# Canon shows off new concept cameras at CES 2020



## Canon Rumors Guy (Jan 13, 2020)

> Canon had a large presence at CES 2020 this year in Las Vegas, and made a big splash with the Canon EOS-1D X Mark III announcement.
> Canon also brought a lot of concept cameras to the show and DPReview has posted a gallery of these ideas Canon has. The concepts include a wearable camera,  a single camera with a modular lens setup, a small camera with a 400mm lens,  and their AI intelligent capture camera that we’ve seen before.
> There’s no telling when any of these cameras could end up as consumer products.
> Check out all of the Canon concept cameras here.



Continue reading...


----------



## slclick (Jan 13, 2020)

I guess one wasn't a 7D3. That was a joke.....


----------



## unfocused (Jan 13, 2020)

Wait...what...I thought Canon didn't innovate.


----------



## blackcoffee17 (Jan 14, 2020)

unfocused said:


> Wait...what...I thought Canon didn't innovate.



Don't forget that only sensor dynamic range, 4K video and IBIS counts as innovation.


----------



## slclick (Jan 14, 2020)

unfocused said:


> Wait...what...I thought Canon didn't innovate.


The AF nubbin in the 1DX3 will be hailed as the best thing since sliced bread in 3....2....1....


----------



## Chaitanya (Jan 14, 2020)

I am interested in buying that 100-400mm compact as its perfect for casual birding/wildlife outings.


----------



## Joules (Jan 14, 2020)

Chaitanya said:


> I am interested in buying that 100-400mm compact as its perfect for casual birding/wildlife outings.


Remains to be seen if such a small sensor and aperture would actually deliver sufficient light gathering ability for use on moving subjects. On cloudy day, my 80D and 150-600 6.3 already degrade significantly in quality. Granted, that's 960mm equivalent reach... A closer comparison is the 80D and 55-250mm 5.6 (400mm equivalent).

It's still cool that Canon is working on ideas like these. I'm curious how it will turn out.


----------



## Chaitanya (Jan 14, 2020)

Joules said:


> Remains to be seen if such a small sensor and aperture would actually deliver sufficient light gathering ability for use on moving subjects. On cloudy day, my 80D and 150-600 6.3 already degrade significantly in quality. Granted, that's 960mm equivalent reach... A closer comparison is the 80D and 55-250mm 5.6 (400mm equivalent).
> 
> It's still cool that Canon is working on ideas like these. I'm curious how it will turn out.

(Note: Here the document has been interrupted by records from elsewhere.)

theorem theorem1:
  fixes VA :: "'a set" and VT :: "'b set" and E :: "('a \<times> 'b) set"
    and w :: "'a \<times> 'b \<Rightarrow> real" and e_star e_minus :: "'a \<times> 'b" and \<Delta> :: real
  assumes graph: "bip_graph VA VT E"
    and card_le: "card VA \<le> card VT"
    and has_mm: "has_max_matching VA VT E"
    and estar: "bottleneck_edge VA VT E w e_star"
    and eminus: "bottleneck_edge (minus_VA VA e_star) (minus_VT VT e_star) (minus_E E e_star) w e_minus"
  shows
    "(\<forall>e_plus. has_max_matching VA VT (plus_E E e_star) \<and>
        bottleneck_edge VA VT (plus_E E e_star) w e_plus \<and>
        0 \<le> \<Delta> \<and> \<Delta> \<le> min (w e_star - w e_minus) (w e_plus - w e_star) / 2 \<longrightarrow>
        (\<forall>\<delta> :: 'a \<times> 'b \<Rightarrow> real. (\<forall>e\<in>E. \<bar>\<delta> e\<bar> \<le> \<Delta>) \<longrightarrow>
           bottleneck_edge VA VT E (\<lambda>e. w e + \<delta> e) e_star))
     \<and>
     (\<not> has_max_matching VA VT (plus_E E e_star) \<and>
        0 \<le> \<Delta> \<and> \<Delta> \<le> (w e_star - w e_minus) / 2 \<longrightarrow>
        (\<forall>\<delta> :: 'a \<times> 'b \<Rightarrow> real. (\<forall>e\<in>E. \<bar>\<delta> e\<bar> \<le> \<Delta>) \<longrightarrow>
           bottleneck_edge VA VT E (\<lambda>e. w e + \<delta> e) e_star))"
proof -
  have finE: "finite E"
    using graph by (rule bip_graph_finite_edges)
  have "e_star \<in> E"
    using estar unfolding bottleneck_edge_def max_matching_def by blast
  have "finite (minus_E E e_star)" "finite (plus_E E e_star)"
    using finE unfolding minus_E_def plus_E_def by simp_all
  obtain N where N: "max_matching (minus_VA VA e_star) (minus_VT VT e_star) (minus_E E e_star) N"
    and N_le: "\<And>e. e \<in> N \<Longrightarrow> w e \<le> w e_minus"
    using bottleneck_edge_max_matching[OF \<open>finite (minus_E E e_star)\<close> eminus] by metis
  have lead: "w e + 2 * \<Delta> \<le> w e_star" if "\<Delta> \<le> (w e_star - w e_minus) / 2" "e \<in> N" for e
    using N_le[OF that(2)] that(1) by (simp add: field_simps)
  show ?thesis
  proof (intro conjI allI impI)
    fix e_plus \<delta>
    assume "has_max_matching VA VT (plus_E E e_star) \<and>
        bottleneck_edge VA VT (plus_E E e_star) w e_plus \<and>
        0 \<le> \<Delta> \<and> \<Delta> \<le> min (w e_star - w e_minus) (w e_plus - w e_star) / 2"
    then have e_plus: "bottleneck_edge VA VT (plus_E E e_star) w e_plus"
      and margin_minus: "\<Delta> \<le> (w e_star - w e_minus) / 2"
      and margin_plus: "\<Delta> \<le> (w e_plus - w e_star) / 2"
      by auto
    have plus: "w e_star + 2 * \<Delta> \<le> Max (w ` M)" if "max_matching VA VT (plus_E E e_star) M" for M
      using bottleneck_edge_le_Max[OF \<open>finite (plus_E E e_star)\<close> e_plus that] margin_plus
      by (simp add: field_simps)
    assume "\<forall>e\<in>E. \<bar>\<delta> e\<bar> \<le> \<Delta>"
    from bottleneck_edge_perturbed_minus_plus[OF graph \<open>e_star \<in> E\<close> N lead[OF margin_minus] plus this]
    show "bottleneck_edge VA VT E (\<lambda>e. w e + \<delta> e) e_star" .
  next
    fix \<delta>
    assume "\<not> has_max_matching VA VT (plus_E E e_star) \<and> 0 \<le> \<Delta> \<and> \<Delta> \<le> (w e_star - w e_minus) / 2"
    then have "\<And>M. \<not> max_matching VA VT (plus_E E e_star) M"
      and margin: "\<Delta> \<le> (w e_star - w e_minus) / 2"
      by (auto simp: has_max_matching_def)
    then have plus: "w e_star + 2 * \<Delta> \<le> Max (w ` M)" if "max_matching VA VT (plus_E E e_star) M" for M
      using that by blast
    assume "\<forall>e\<in>E. \<bar>\<delta> e\<bar> \<le> \<Delta>"
    from bottleneck_edge_perturbed_minus_plus[OF graph \<open>e_star \<in> E\<close> N lead[OF margin] plus this]
    show "bottleneck_edge VA VT E (\<lambda>e. w e + \<delta> e) e_star" .
  qed
qed

end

Where I live in India other than overcast monsoon days there is always sufficient light for super tele lenses. For casual family outings this little camera is perfect as carrying entire camera is not worth the effort. It is really good to see Canon working on these concepts.


----------



## Adelino (Jan 14, 2020)

blackcoffee17 said:


> Don't forget that only sensor dynamic range, 4K video and IBIS counts as innovation.


I think 4K doesn't count anymore, based on the new cameras. ;-)


----------